When the dust settles and you look back on your completed project feeling quite triumphant and accomplished you hopefully realize that all those debates, conversations and hiccups actually yielded a top-notch, stellar result.  Right, well engagement is like that. The type of engagement that most of us seek after is the type of engagement that feeds our curiosities, makes us stand up for what we believe in and compels us to align and act on those convictions.

Engagement will ALWAYS be about disrupting, pivots, compromises, new discoveries and realizations that leave you in a different place than where you started. And honestly, thank goodness.

Engagement, by its very nature, is based on a two-way conversation.

In order to engage, you have to listen. And in order to listen, you have to be willing to “settle”.

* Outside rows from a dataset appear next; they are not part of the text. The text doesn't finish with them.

text \<open>From continuity at 0 to (\<epsilon>,\<lambda>)-continuity: a constant \<open>c\<close> below \<open>\<epsilon>0\<close> with high
  probability turns the random radius into a deterministic one, and additivity of \<open>f\<close>
  translates the estimate from 0 to an arbitrary point \<open>x\<close>.\<close>
lemma cont_c_imp_cont_el:
  fixes scal :: "('a \<Rightarrow> 'k::{real_normed_field, second_countable_topology}) \<Rightarrow> 'e::ab_group_add \<Rightarrow> 'e"
  assumes "RLC_module M scal \<P>" "L0_module_hom M scal f"
    and cont: "cont_wrt (open_c M \<P>) (open_L0 M) f"
  shows "cont_wrt (open_el M \<P>) (open_L0 M) f"
  unfolding cont_wrt_def open_el_def
proof (intro allI impI ballI)
  interpret prob_space M using assms(1) unfolding RLC_module_def by blast
  have seminorms: "\<forall>p\<in>\<P>. L0_seminorm M scal p" using assms(1) unfolding RLC_module_def by blast
  have f_L0: "\<And>x. f x \<in> L0 M" and f_add: "\<And>x y. AE \<omega> in M. f (x + y) \<omega> = f x \<omega> + f y \<omega>"
    using assms(2) unfolding L0_module_hom_def ae_eq_def by blast+
  fix G x assume "open_L0 M G" "x \<in> {x. f x \<in> G}"
  then obtain \<delta> lam where "0 < \<delta>" "0 < lam" "lam < 1"
    and nbhd: "\<forall>\<eta>\<in>L0 M. prob {\<omega> \<in> space M. norm (\<eta> \<omega> - f x \<omega>) < \<delta>} > 1 - lam \<longrightarrow> \<eta> \<in> G"
    unfolding open_L0_def by fastforce
  obtain Q \<epsilon>0 where Q: "fin_sub \<P> Q" and eps0: "\<epsilon>0 \<in> borel_measurable M" "AE \<omega> in M. 0 < \<epsilon>0 \<omega>"
    and local: "\<And>y. prob {\<omega> \<in> space M. norm (f y \<omega>) < \<delta>}
                      > prob {\<omega> \<in> space M. qnorm Q y \<omega> \<le> \<epsilon>0 \<omega>} - lam / 2"
    using cont_c_at_zero[OF assms \<open>0 < \<delta>\<close>, of "lam / 2"] \<open>0 < lam\<close> \<open>lam < 1\<close> by auto
  obtain c where "0 < c" and c: "prob {\<omega> \<in> space M. c \<le> \<epsilon>0 \<omega>} > 1 - lam / 4"
    using positive_rv_bounded_below[OF eps0] \<open>0 < lam\<close> by (metis zero_less_divide_iff zero_less_numeral)
  show "\<exists>Q \<epsilon> lam'. fin_sub \<P> Q \<and> 0 < \<epsilon> \<and> 0 < lam' \<and> lam' < 1 \<and>
      (\<forall>y. prob {\<omega> \<in> space M. qnorm Q y \<omega> < \<epsilon>} > 1 - lam' \<longrightarrow> x + y \<in> {x. f x \<in> G})"
  proof (intro exI conjI allI impI)
    show "fin_sub \<P> Q" "0 < c" "0 < lam / 4" "lam / 4 < 1" using Q \<open>0 < c\<close> \<open>0 < lam\<close> \<open>lam < 1\<close> by auto
    fix y assume small: "prob {\<omega> \<in> space M. qnorm Q y \<omega> < c} > 1 - lam / 4"
    let ?S = "{\<omega> \<in> space M. qnorm Q y \<omega> < c}"
    let ?C = "{\<omega> \<in> space M. c \<le> \<epsilon>0 \<omega>}"
    let ?A = "{\<omega> \<in> space M. qnorm Q y \<omega> \<le> \<epsilon>0 \<omega>}"
    let ?T = "{\<omega> \<in> space M. norm (f (x + y) \<omega> - f x \<omega>) < \<delta>}"
    have qm: "qnorm Q y \<in> borel_measurable M" by (rule qnorm_measurable[OF Q seminorms])
    have events: "?S \<in> events" "?C \<in> events" "?A \<in> events" using qm eps0(1) by measurable
    have "prob (?S \<inter> ?C) \<le> prob ?A" using events by (intro finite_measure_mono) auto
    then have "prob ?A > 1 - lam / 2" using prob_Int_ge[OF events(1,2)] small c by linarith
    then have fy: "prob {\<omega> \<in> space M. norm (f y \<omega>) < \<delta>} > 1 - lam" using local[of y] by linarith
    have "?T \<in> events" using f_L0[of "x + y"] f_L0[of x] unfolding L0_def by measurable
    then have "prob {\<omega> \<in> space M. norm (f y \<omega>) < \<delta>} \<le> prob ?T"
      using f_add[of x y] by (intro finite_measure_mono_AE) (auto elim!: eventually_mono)
    then show "x + y \<in> {x. f x \<in> G}" using nbhd f_L0 fy by fastforce
  qed
qed

theorem theorem1p1:
  fixes M :: "'a measure"
    and scal :: "('a \<Rightarrow> 'k::{real_normed_field, second_countable_topology}) \<Rightarrow> 'e::ab_group_add \<Rightarrow> 'e"
    and \<P> :: "('e \<Rightarrow> 'a \<Rightarrow> real) set"
    and f :: "'e \<Rightarrow> 'a \<Rightarrow> 'k"
  assumes "RLC_module M scal \<P>"
    and "L0_module_hom M scal f"
  shows "cont_wrt (open_c M \<P>) (open_L0 M) f \<longleftrightarrow> cont_wrt (open_el M \<P>) (open_L0 M) f"
proof
  assume "cont_wrt (open_c M \<P>) (open_L0 M) f"
  then show "cont_wrt (open_el M \<P>) (open_L0 M) f" by (rule cont_c_imp_cont_el[OF assms])
next
  assume "cont_wrt (open_el M \<P>) (open_L0 M) f"
  then show "cont_wrt (open_c M \<P>) (open_L0 M) f"
    using open_el_imp_open_c[OF assms(1)] unfolding cont_wrt_def by blast
qed

end
definition chromatic_number :: "'a set \<Rightarrow> ('a \<Rightarrow> 'a \<Rightarrow> bool) \<Rightarrow> nat" where
  "chromatic_number V E = (LEAST k. colorable V E k)"

definition graph_iso :: "'a set \<Rightarrow> ('a \<Rightarrow> 'a \<Rightarrow> bool) \<Rightarrow> 'b set \<Rightarrow> ('b \<Rightarrow> 'b \<Rightarrow> bool) \<Rightarrow> bool" where
  "graph_iso V E V' E' \<longleftrightarrow> (\<exists>f. bij_betw f V V' \<and>
     (\<forall>u\<in>V. \<forall>v\<in>V. E u v \<longleftrightarrow> E' (f u) (f v)))"

text \<open>Turan graph T_{n,l}: vertices {0..<n}, parts are residue classes mod l
(sizes differ by at most 1), edges between vertices in different parts.\<close>
definition turan_V :: "nat \<Rightarrow> nat set" where
  "turan_V n = {0..<n}"

definition turan_E :: "nat \<Rightarrow> nat \<Rightarrow> nat \<Rightarrow> nat \<Rightarrow> bool" where
  "turan_E n l i j \<longleftrightarrow> i < n \<and> j < n \<and> i mod l \<noteq> j mod l"

end

theory Submission
  imports Defs "HOL-Analysis.Convex"
begin

text \<open>
  Work with the arcs (ordered edges) of \<open>G\<close>, so that \<open>2 ABC(G)\<close> is a sum over arcs. With
  \<open>P\<close> the number of arcs and \<open>R = \<Sum> 1/(d(x) d(y))\<close> over arcs, Cauchy-Schwarz gives
  \<open>(2 ABC(G))\<^sup>2 \<le> P (2n - 2R)\<close>. For a proper \<open>\<chi>\<close>-colouring with \<open>n = \<chi> m\<close>, a second
  Cauchy-Schwarz argument (weighting vertices by their degrees and comparing with the complete
  multipartite graph of the colouring) gives \<open>(\<chi> - 1) R \<ge> \<chi>\<close>, while \<open>G\<close> has at most the
  \<open>n\<^sup>2 - \<Sum> |class|\<^sup>2 \<le> n (n - m)\<close> arcs of that multipartite graph. Together,
  \<open>(2 ABC(G))\<^sup>2 \<le> 2 n\<^sup>2 (n - m - 1)\<close>, which is attained by \<open>T\<^sub>n\<^sub>,\<^sub>\<chi>\<close>. Equality
  forces \<open>P = n (n - m)\<close>, i.e. \<open>G\<close> is the complete multipartite graph on balanced colour classes.
\<close>

definition arcs :: "'a set \<Rightarrow> ('a \<Rightarrow> 'a \<Rightarrow> bool) \<Rightarrow> ('a \<times> 'a) set" where
  "arcs V E = (SIGMA x:V. {y \<in> V. E x y})"

lemma finite_arcs: "finite V \<Longrightarrow> finite (arcs V E)"
  unfolding arcs_def by auto

lemma sum_arcs_fst:
  assumes "finite V"
  shows "(\<Sum>(x, y)\<in>arcs V E. g x) = (\<Sum>x\<in>V. real (deg V E x) * g x)"
proof -
  have "(\<Sum>(x, y)\<in>arcs V E. g x) = (\<Sum>x\<in>V. \<Sum>y\<in>{y \<in> V. E x y}. g x)"
    unfolding arcs_def using assms by (subst sum.Sigma) auto
  then show ?thesis unfolding deg_def by simp
qed

lemma card_arcs:
  assumes "finite V"
  shows "real (card (arcs V E)) = (\<Sum>x\<in>V. real (deg V E x))"
  using sum_arcs_fst[OF assms, where E = E and g = "\<lambda>_. 1"] by (simp add: case_prod_unfold)

lemma card_le_card_arcs:
  assumes "finite V" and "\<forall>x\<in>V. 1 \<le> deg V E x"
  shows "card V \<le> card (arcs V E)"
proof -
  have "(\<Sum>x\<in>V. 1) \<le> (\<Sum>x\<in>V. real (deg V E x))"
    using assms(2) by (intro sum_mono) auto
  then show ?thesis unfolding card_arcs[OF assms(1), symmetric] by simp
qed

lemma sum_arcs_swap:
  assumes "\<And>x y. E x y \<Longrightarrow> E y x"
  shows "(\<Sum>(x, y)\<in>arcs V E. f x y) = (\<Sum>(x, y)\<in>arcs V E. f y x)"
proof -
  have "bij_betw prod.swap (arcs V E) (arcs V E)"
    by (rule bij_betwI[where g = prod.swap]) (auto simp: arcs_def assms)
  from sum.reindex_bij_betw[OF this, of "\<lambda>(x, y). f x y"] show ?thesis
    by (simp add: case_prod_unfold)
qed

lemma arcs_eq_imp_eq:
  assumes "\<And>x y. E x y \<Longrightarrow> x \<in> V \<and> y \<in> V" and "\<And>x y. E' x y \<Longrightarrow> x \<in> V \<and> y \<in> V"
    and "arcs V E = arcs V E'"
  shows "E = E'"
proof (intro ext)
  fix x y
  have "E x y \<longleftrightarrow> (x, y) \<in> arcs V E" and "E' x y \<longleftrightarrow> (x, y) \<in> arcs V E'"
    using assms(1,2) unfolding arcs_def by auto
  then show "E x y = E' x y" using assms(3) by simp
qed

definition abc_weight :: "real \<Rightarrow> real \<Rightarrow> real" where
  "abc_weight a b = sqrt ((a + b - 2) / (a * b))"

definition abc_sum :: "'a set \<Rightarrow> ('a \<Rightarrow> 'a \<Rightarrow> bool) \<Rightarrow> real" where
  "abc_sum V E = (\<Sum>(x, y)\<in>arcs V E. abc_weight (deg V E x) (deg V E y))"

lemma ABC_eq_half_abc_sum:
  assumes "simple_graph V E"
  shows "ABC V E = abc_sum V E / 2"
proof -
  have fin: "finite V" and sym: "\<And>u v. E u v \<Longrightarrow> E v u" and irr: "\<And>v. \<not> E v v"
    using assms unfolding simple_graph_def by auto
  define w where "w p = abc_weight (deg V E (fst p)) (deg V E (snd p))" for p
  define ends :: "'a \<times> 'a \<Rightarrow> 'a set" where "ends p = {fst p, snd p}" for p
  have "abc_sum V E = (\<Sum>e\<in>ends ` arcs V E. sum w {p \<in> arcs V E. ends p = e})"
    unfolding abc_sum_def w_def case_prod_unfold by (rule sum.image_gen[OF finite_arcs[OF fin]])
  also have "ends ` arcs V E = edges V E"
    unfolding ends_def arcs_def edges_def by (auto simp: image_def)
  finally have sum_edges: "abc_sum V E = (\<Sum>e\<in>edges V E. sum w {p \<in> arcs V E. ends p = e})" .
  have per_edge: "sqrt ((real (\<Sum>v\<in>e. deg V E v) - 2) / real (\<Prod>v\<in>e. deg V E v))
      = sum w {p \<in> arcs V E. ends p = e} / 2" if edge: "e \<in> edges V E" for e
  proof -
    obtain u v where e: "e = {u, v}" and uv: "u \<in> V" "v \<in> V" "E u v"
      using edge unfolding edges_def by auto
    have "u \<noteq> v" using uv irr by auto
    moreover have "{p \<in> arcs V E. ends p = e} = {(u, v), (v, u)}"
      using uv sym unfolding arcs_def ends_def e by (auto simp: doubleton_eq_iff)
    ultimately show ?thesis
      unfolding e w_def abc_weight_def by (simp add: add.commute mult.commute)
  qed
  have "ABC V E = (\<Sum>e\<in>edges V E. sum w {p \<in> arcs V E. ends p = e} / 2)"
    unfolding ABC_def by (intro sum.cong refl per_edge)
  then show ?thesis
    unfolding sum_edges sum_divide_distrib .
qed

lemma abc_weight_sq:
  assumes "1 \<le> a" and "1 \<le> b"
  shows "(abc_weight a b)\<^sup>2 = 1 / a + 1 / b - 2 / (a * b)"
proof -
  have "0 \<le> (a + b - 2) / (a * b)" using assms by simp
  then show ?thesis using assms unfolding abc_weight_def by (simp add: field_simps)
qed

definition randic_sum :: "'a set \<Rightarrow> ('a \<Rightarrow> 'a \<Rightarrow> bool) \<Rightarrow> real" where
  "randic_sum V E = (\<Sum>(x, y)\<in>arcs V E. 1 / (real (deg V E x) * real (deg V E y)))"

lemma sum_abc_weight_sq:
  assumes sg: "simple_graph V E" and deg: "\<forall>x\<in>V. 1 \<le> deg V E x"
  shows "(\<Sum>(x, y)\<in>arcs V E. (abc_weight (deg V E x) (deg V E y))\<^sup>2)
    = 2 * real (card V) - 2 * randic_sum V E"
proof -
  have fin: "finite V" and sym: "\<And>x y. E x y \<Longrightarrow> E y x"
    using sg unfolding simple_graph_def by auto
  have "(\<Sum>(x, y)\<in>arcs V E. 1 / real (deg V E x)) = (\<Sum>x\<in>V. real (deg V E x) * (1 / real (deg V E x)))"
    by (rule sum_arcs_fst[OF fin])
  also have "\<dots> = (\<Sum>x\<in>V. 1)"
    using deg by (intro sum.cong refl) auto
  also have "\<dots> = real (card V)" by simp
  finally have fst: "(\<Sum>(x, y)\<in>arcs V E. 1 / real (deg V E x)) = real (card V)" .
  moreover have "(\<Sum>(x, y)\<in>arcs V E. 1 / real (deg V E y)) = real (card V)"
    using sum_arcs_swap[OF sym, where f = "\<lambda>x y. 1 / real (deg V E y)"] fst by simp
  moreover have "(\<Sum>(x, y)\<in>arcs V E. (abc_weight (deg V E x) (deg V E y))\<^sup>2)
      = (\<Sum>(x, y)\<in>arcs V E. 1 / real (deg V E x) + 1 / real (deg V E y)
           - 2 * (1 / (real (deg V E x) * real (deg V E y))))"
    using deg by (intro sum.cong refl) (auto simp: arcs_def abc_weight_sq)
  ultimately show ?thesis
    unfolding randic_sum_def
    by (simp add: case_prod_unfold sum.distrib sum_subtractf sum_distrib_left)
qed

lemma abc_sum_sq_le:
  assumes "simple_graph V E" and "\<forall>x\<in>V. 1 \<le> deg V E x"
  shows "(abc_sum V E)\<^sup>2 \<le> real (card (arcs V E)) * (2 * real (card V) - 2 * randic_sum V E)"
  using Cauchy_Schwarz_ineq_sum[of "\<lambda>_. 1" "\<lambda>(x, y). abc_weight (deg V E x) (deg V E y)" "arcs V E"]
    sum_abc_weight_sq[OF assms]
  unfolding abc_sum_def by (simp add: case_prod_unfold)

lemma card_arcs_sq_le:
  assumes "\<forall>x\<in>V. 1 \<le> deg V E x"
  shows "(real (card (arcs V E)))\<^sup>2
    \<le> (\<Sum>(x, y)\<in>arcs V E. real (deg V E x) * real (deg V E y)) * randic_sum V E"
proof -
  define D where "D p = real (deg V E (fst p)) * real (deg V E (snd p))" for p
  have pos: "0 < D p" if "p \<in> arcs V E" for p
    using that assms unfolding D_def arcs_def by (force intro: mult_pos_pos)
  have "(\<Sum>p\<in>arcs V E. sqrt (D p) * (1 / sqrt (D p)))\<^sup>2
      \<le> (\<Sum>p\<in>arcs V E. (sqrt (D p))\<^sup>2) * (\<Sum>p\<in>arcs V E. (1 / sqrt (D p))\<^sup>2)"
    by (rule Cauchy_Schwarz_ineq_sum)
  moreover have "(\<Sum>p\<in>arcs V E. sqrt (D p) * (1 / sqrt (D p))) = (\<Sum>p\<in>arcs V E. 1)"
    by (intro sum.cong refl) (use pos in force)
  moreover have "(\<Sum>p\<in>arcs V E. (sqrt (D p))\<^sup>2) = (\<Sum>p\<in>arcs V E. D p)"
    using pos by (intro sum.cong refl) (simp add: less_imp_le)
  moreover have "(\<Sum>p\<in>arcs V E. (1 / sqrt (D p))\<^sup>2) = (\<Sum>p\<in>arcs V E. 1 / D p)"
    using pos by (intro sum.cong refl) (simp add: power_divide less_imp_le)
  ultimately show ?thesis
    unfolding randic_sum_def D_def case_prod_unfold by simp
qed

definition proper_coloring :: "'a set \<Rightarrow> ('a \<Rightarrow> 'a \<Rightarrow> bool) \<Rightarrow> nat \<Rightarrow> ('a \<Rightarrow> nat) \<Rightarrow> bool" where
  "proper_coloring V E k c \<longleftrightarrow> (\<forall>v\<in>V. c v < k) \<and> (\<forall>u\<in>V. \<forall>v\<in>V. E u v \<longrightarrow> c u \<noteq> c v)"

definition color_class :: "'a set \<Rightarrow> ('a \<Rightarrow> nat) \<Rightarrow> nat \<Rightarrow> 'a set" where
  "color_class V c i = {x \<in> V. c x = i}"

definition multipartite :: "'a set \<Rightarrow> ('a \<Rightarrow> nat) \<Rightarrow> 'a \<Rightarrow> 'a \<Rightarrow> bool" where
  "multipartite V c x y \<longleftrightarrow> x \<in> V \<and> y \<in> V \<and> c x \<noteq> c y"

lemma simple_graph_multipartite: "finite V \<Longrightarrow> simple_graph V (multipartite V c)"
  unfolding simple_graph_def multipartite_def by auto

lemma arcs_subset_multipartite:
  assumes "simple_graph V E" and "proper_coloring V E k c"
  shows "arcs V E \<subseteq> arcs V (multipartite V c)"
  using assms unfolding simple_graph_def proper_coloring_def arcs_def multipartite_def by auto

lemma sum_color_classes:
  assumes "finite V" and "\<forall>x\<in>V. c x < k"
  shows "(\<Sum>x\<in>V. g x) = (\<Sum>i<k. \<Sum>x\<in>color_class V c i. g x)"
proof -
  have "c ` V \<subseteq> {..<k}" using assms(2) by auto
  from sum.group[OF assms(1) finite_lessThan this, of g] show ?thesis
    unfolding color_class_def by simp
qed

We all know certain people can disrupt and challenge us until the cows come home. So how do we combat that type of engagement and encourage the healthier, more sought-after type of engagement? Well first, heed this sage advice:

“Stay away from negative people. They have a problem for every solution.” – Albert Einstein via swiss miss

And secondly, here are two tidbits from me to you on tools you can use to establish healthy engagement inside and outside of your organization:

  1. Know your audience. Wait what? Are you talking persona research? Yep. Knowing who you’re talking to and what they feel, think and do gives you a huge leg up on anyone who challenges you otherwise. Don’t believe me? Read on.
  1. Be a collaborator. Listen to your team, create a cross-functional outlet that provides you consistent, relevant insights into not only what your marketing team is doing, but what sales is thinking about, the challenges product and industry teams are facing. And don’t just read updates. TALK to people, ask questions, get opinions. The more you are aligned internally the more you will be aligned when it comes to engaging in the marketplace. And having a consistent, unified external message is just about priceless.  

86% of senior-level marketers say that it’s absolutely critical or very important to create a cohesive customer journey (source).

You don’t get a cohesive customer journey by sitting on your tuckus. Want some tips on how to have a better conversation? Then this Ted Talk is worth twelve minutes of your time.

So before you get to the tactics of engagement: building an engagement plan, attending a storytelling workshop, evaluating and creating content; remember who you’re doing it for and how it will empower more than just you and your goals.

In order for engagement to be valuable, you have to build relationships. Engagement takes work, and engagement, at the end of the day, should leave you in a different place then when you started.